Creamy chocolate hemp smoothie packed with protein, fiber, and healthy fats. Perfect for a quick breakfast, post-workout snack, or healthy dessert.

Ingredients

Scale
  • 1 cup unsweetened almond milk (or any milk of your choice)
  • 1 frozen banana, sliced
  • 1/4 cup hemp seeds
  • 2 tablespoons unsweetened cocoa powder
  • 1 tablespoon almond butter (or any nut butter)
  • 1 teaspoon chia seeds
  • 1/2 teaspoon vanilla extract
  • 1/4 teaspoon ground cinnamon
  • Pinch of sea salt
  • 12 Medjool dates, pitted (optional, for extra sweetness)
  • Ice cubes (optional, for a thicker smoothie)
  • Optional toppings: cacao nibs, hemp seeds, sliced banana

Instructions

  1. Gather Your Ingredients: Measure and prepare all ingredients.
  2. Combine the Base: Pour almond milk into a high-speed blender.
  3. Add the Frozen Banana: Add the sliced frozen banana to the blender.
  4. Incorporate the Hemp Seeds: Add the hemp seeds to the blender.
  5. Chocolatey Goodness: Add the unsweetened cocoa powder to the blender.
  6. Nutty Flavor and Creaminess: Add the almond butter to the blender.
  7. Chia Seed Boost: Add the chia seeds to the blender.
  8. Vanilla and Cinnamon: Add the vanilla extract and ground cinnamon to the blender.
  9. A Pinch of Salt: Add a pinch of sea salt to the blender.
  10. Sweeten to Taste (Optional): Add pitted Medjool dates to the blender, if desired.
  11. Add Ice (Optional): Add ice cubes for a thicker smoothie.
  12. Blend Until Smooth: Blend on high speed until smooth and creamy (30-60 seconds).
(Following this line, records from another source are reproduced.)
fun wprefix :: "'a lword \<Rightarrow> nat \<Rightarrow> 'a list" where
  "wprefix (Fin xs) n = take n xs"
| "wprefix (Inf f) n = map f [0..<n]"

definition elem_words :: "('v,'a) selt set \<Rightarrow> 'a list set" where
  "elem_words \<xi> = {a | a A b. Some (a, A, b) \<in> \<xi>}"

definition is_word_of :: "('v,'e,'a) lgraph \<Rightarrow> ('v,'a) selt set \<Rightarrow> 'a lword \<Rightarrow> bool" where
  "is_word_of G \<xi> w \<longleftrightarrow>
     (if \<exists>a\<in>elem_words \<xi>. \<forall>b\<in>elem_words \<xi>. length b \<le> length a
      then w = Fin (THE a. a \<in> elem_words \<xi> \<and> (\<forall>b\<in>elem_words \<xi>. length b \<le> length a))
      else (\<exists>f. w = Inf f \<and> f \<in> Linf G \<and>
              (\<forall>p\<in>\<xi>. \<exists>n A. p = Some (map f [0..<n], A, map f [0..<n]))))"

definition xi_n :: "('v,'e,'a) lgraph \<Rightarrow> 'v set set \<Rightarrow> ('v,'a) selt set \<Rightarrow> 'a lword \<Rightarrow> nat \<Rightarrow> 'v set set" where
  "xi_n G B \<xi> w n = {A \<in> B. Some (wprefix w n, A, wprefix w n) \<in> \<xi>}"

end

theory Submission
  imports Defs
begin

text \<open>
  Write \<open>\<xi>\<^sub>a = {A. (a, A, a) \<in> \<xi>}\<close>. In \<open>E(S)\<close> one has
  \<open>(a x, A, a x) \<le> (a, D, a)\<close> iff \<open>A \<subseteq> r(D, x)\<close>, so \<open>\<xi>\<^sub>a\<close> is a filter whenever it is
  nonempty, and \<open>r(D, x) \<in> \<xi>\<^sub>a\<^sub>x\<close> implies \<open>D \<in> \<xi>\<^sub>a\<close>. For maximality of \<open>\<xi>\<^sub>a\<close> it suffices
  that every \<open>D\<close> meeting all of \<open>\<xi>\<^sub>a\<close> lies in \<open>\<xi>\<^sub>a\<close>. Such a \<open>r(D, x)\<close> meets all of
  \<open>\<xi>\<^sub>a\<^sub>x\<close>: otherwise, for \<open>E \<in> \<xi>\<^sub>a\<close>, the element \<open>r(E, x) \<inter> A\<close> of \<open>\<xi>\<^sub>a\<^sub>x\<close> lies in
  \<open>r(E - D, x)\<close>, forcing \<open>E - D \<in> \<xi>\<^sub>a\<close>, which misses \<open>D\<close>. Since \<open>\<xi>\<^sub>a\<^sub>x\<close> is an ultrafilter,
  \<open>r(D, x) \<in> \<xi>\<^sub>a\<^sub>x\<close>, hence \<open>D \<in> \<xi>\<^sub>a\<close>. For a nonempty prefix \<open>a\<close>, \<open>\<xi>\<^sub>a\<close> contains \<open>r(a)\<close>.
\<close>

lemma is_path_append:
  assumes "is_path G p" "is_path G q" "rng G (last p) = src G (hd q)"
  shows "is_path G (p @ q)"
  unfolding is_path_def
proof (intro conjI allI impI)
  show "p @ q \<noteq> []" "set (p @ q) \<subseteq> edges G" using assms(1,2) by (auto simp: is_path_def)
  fix i assume i: "Suc i < length (p @ q)"
  have ne: "p \<noteq> []" "q \<noteq> []" using assms(1,2) by (auto simp: is_path_def)
  consider "Suc i < length p" | "Suc i = length p" | "Suc i > length p" by linarith
  then show "rng G ((p @ q) ! i) = src G ((p @ q) ! Suc i)"
  proof cases
    case 1
    then show ?thesis using assms(1) by (simp add: is_path_def nth_append)
  next
    case 2
    then have "i = length p - 1" by simp
    then have "(p @ q) ! i = last p" "(p @ q) ! Suc i = hd q"
      using 2 ne by (simp_all add: nth_append last_conv_nth hd_conv_nth)
    then show ?thesis using assms(3) by simp
  next
    case 3
    then have "Suc (i - length p) < length q" "Suc i - length p = Suc (i - length p)"
      using i by simp_all
    then show ?thesis using 3 assms(2) by (simp add: is_path_def nth_append)
  qed
qed

lemma is_path_take: "is_path G p \<Longrightarrow> 0 < k \<Longrightarrow> is_path G (take k p)"
  unfolding is_path_def by (auto dest: in_set_takeD)

lemma is_path_drop: "is_path G p \<Longrightarrow> k < length p \<Longrightarrow> is_path G (drop k p)"
  unfolding is_path_def by (auto dest: in_set_dropD simp: add.commute)

lemma is_path_split:
  assumes "is_path G p" "map (lbl G) p = b @ c" "b \<noteq> []" "c \<noteq> []"
  obtains p\<^sub>1 p\<^sub>2 where "p = p\<^sub>1 @ p\<^sub>2" "is_path G p\<^sub>1" "is_path G p\<^sub>2"
    "map (lbl G) p\<^sub>1 = b" "map (lbl G) p\<^sub>2 = c" "rng G (last p\<^sub>1) = src G (hd p\<^sub>2)"
proof
  define k where "k = length b"
  have len: "length p = k + length c" unfolding k_def using assms(2) by (metis length_append length_map)
  have k: "0 < k" "k < length p" using assms(3,4) len unfolding k_def by auto
  show "p = take k p @ drop k p" by simp
  show "is_path G (take k p)" "is_path G (drop k p)"
    using is_path_take[OF assms(1)] is_path_drop[OF assms(1)] k by auto
  show "map (lbl G) (take k p) = b" "map (lbl G) (drop k p) = c"
    unfolding k_def using assms(2) by (metis append_eq_conv_conj take_map drop_map)+
  have "last (take k p) = p ! (k - 1)"
    using k take_Suc_conv_app_nth[of "k - 1" p] by simp
  moreover have "hd (drop k p) = p ! Suc (k - 1)"
    using k by (simp add: hd_drop_conv_nth)
  ultimately
  show "rng G (last (take k p)) = src G (hd (drop k p))"
    using assms(1) k unfolding is_path_def by simp
qed

lemma Lstar_appendD: "u @ v \<in> Lstar G \<Longrightarrow> u \<in> Lstar G \<and> v \<in> Lstar G"
proof -
  have "u \<in> Lplus G \<and> v \<in> Lplus G" if uv: "u @ v \<in> Lplus G" "u \<noteq> []" "v \<noteq> []"
  proof -
    obtain p where "is_path G p" "map (lbl G) p = u @ v" using uv(1) by (auto simp: Lplus_def)
    then obtain p\<^sub>1 p\<^sub>2 where "is_path G p\<^sub>1" "is_path G p\<^sub>2" "map (lbl G) p\<^sub>1 = u" "map (lbl G) p\<^sub>2 = v"
      using uv(2,3) by (rule is_path_split)
    then show ?thesis unfolding Lplus_def by blast
  qed
  then show "u @ v \<in> Lstar G \<Longrightarrow> u \<in> Lstar G \<and> v \<in> Lstar G"
    by (cases "u = []"; cases "v = []") (auto simp: Lstar_def)
qed

lemma rset_memI:
  "is_path G p \<Longrightarrow> src G (hd p) \<in> A \<Longrightarrow> rng G (last p) \<in> rset G A (map (lbl G) p)"
  unfolding rset_def is_path_def by auto

lemma rset_memE:
  assumes "v \<in> rset G A w" "w \<noteq> []"
  obtains p where "is_path G p" "map (lbl G) p = w" "src G (hd p) \<in> A" "v = rng G (last p)"
  using assms unfolding rset_def by auto

lemma rset_Nil [simp]: "rset G A [] = A"
  by (simp add: rset_def)

lemma rset_empty [simp]: "rset G {} w = {}"
  by (simp add: rset_def)

lemma rset_mono: "A \<subseteq> C \<Longrightarrow> rset G A w \<subseteq> rset G C w"
  by (auto simp: rset_def)

lemma rset_Un: "rset G (A \<union> C) w = rset G A w \<union> rset G C w"
  by (auto simp: rset_def)

lemma rset_append: "rset G A (b @ c) = rset G (rset G A b) c"
proof (cases "b = [] \<or> c = []")
  case False
  show ?thesis
  proof
    show "rset G A (b @ c) \<subseteq> rset G (rset G A b) c"
    proof
      fix v assume "v \<in> rset G A (b @ c)"
      then obtain p where p: "is_path G p" "map (lbl G) p = b @ c" "src G (hd p) \<in> A"
          "v = rng G (last p)"
        using False by (auto elim: rset_memE)
      obtain p\<^sub>1 p\<^sub>2 where split: "p = p\<^sub>1 @ p\<^sub>2" "is_path G p\<^sub>1" "is_path G p\<^sub>2"
          "map (lbl G) p\<^sub>1 = b" "map (lbl G) p\<^sub>2 = c" "rng G (last p\<^sub>1) = src G (hd p\<^sub>2)"
        using is_path_split[OF p(1,2)] False by blast
      have ne: "p\<^sub>1 \<noteq> []" "p\<^sub>2 \<noteq> []" using split(2,3) by (auto simp: is_path_def)
      have "src G (hd p\<^sub>2) \<in> rset G A b"
        using rset_memI[OF split(2)] split(1,4,6) p(3) ne by auto
      then show "v \<in> rset G (rset G A b) c"
        using rset_memI[OF split(3)] split(1,5) p(4) ne by auto
    qed
    show "rset G (rset G A b) c \<subseteq> rset G A (b @ c)"
    proof
      fix v assume "v \<in> rset G (rset G A b) c"
      then obtain q where q: "is_path G q" "map (lbl G) q = c" "src G (hd q) \<in> rset G A b"
          "v = rng G (last q)"
        using False by (auto elim: rset_memE)
      then obtain p where p: "is_path G p" "map (lbl G) p = b" "src G (hd p) \<in> A"
          "src G (hd q) = rng G (last p)"
        using False by (auto elim: rset_memE)
      have "p \<noteq> []" "q \<noteq> []" using p(1) q(1) by (auto simp: is_path_def)
      then show "v \<in> rset G A (b @ c)"
        using rset_memI[OF is_path_append[OF p(1) q(1)]] p q by auto
    qed
  qed
qed auto

lemma rword_append: "rword G (b @ c) = rset G (rword G b) c"
  unfolding rword_def by (rule rset_append)

lemma Bsub_iff: "labelled_space G B \<Longrightarrow> X \<in> Bsub G B w \<longleftrightarrow> X \<in> B \<and> X \<subseteq> rword G w"
  unfolding labelled_space_def accommodating_def Bsub_def rword_def by auto

lemma rset_in_B: "labelled_space G B \<Longrightarrow> A \<in> B \<Longrightarrow> w \<in> Lstar G \<Longrightarrow> rset G A w \<in> B"
  unfolding labelled_space_def accommodating_def Lstar_def by auto

lemma rword_in_B: "labelled_space G B \<Longrightarrow> w \<in> Lplus G \<Longrightarrow> rword G w \<in> B"
  unfolding labelled_space_def accommodating_def by auto

lemma Int_in_B: "labelled_space G B \<Longrightarrow> A \<in> B \<Longrightarrow> C \<in> B \<Longrightarrow> A \<inter> C \<in> B"
  unfolding labelled_space_def accommodating_def by auto

lemma Bsub_Int_closed:
  "labelled_space G B \<Longrightarrow> X \<in> Bsub G B w \<Longrightarrow> Z \<in> Bsub G B w \<Longrightarrow> X \<inter> Z \<in> Bsub G B w"
  by (auto simp: Bsub_iff intro: Int_in_B)

lemma rset_Int:
  "weakly_left_resolving G B \<Longrightarrow> A \<in> B \<Longrightarrow> C \<in> B \<Longrightarrow> w \<in> Lstar G
   \<Longrightarrow> rset G (A \<inter> C) w = rset G A w \<inter> rset G C w"
  unfolding weakly_left_resolving_def Lstar_def by auto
Add more almond milk if too thick, or more ice/frozen banana if too thin.
  13. Taste and Adjust: Adjust ingredients to taste (sweetness, chocolate flavor, etc.).
  14. Pour and Enjoy: Pour into a glass or mason jar.
  15. Add Toppings (Optional): Top with cacao nibs, hemp seeds, sliced banana, or other desired toppings.
  16. Serve Immediately: Enjoy immediately.

Notes

  • For a green smoothie, add a handful of spinach or kale.
  • Add a scoop of protein powder for a post-workout boost.
  • Add a pinch of cayenne pepper for a spicy kick.
  • Add frozen mango or pineapple for a tropical twist.
  • Experiment with different types of milk.
  • Add a shot of espresso or instant coffee for a caffeinated boost.
  • Pour into a bowl and top with granola, fruit, and nuts for a smoothie bowl.
  • Freeze in popsicle molds for a healthy treat.
  • Storage: Store leftovers in an airtight container in the refrigerator for up to 24 hours. Shake well before drinking. Freezing is not recommended.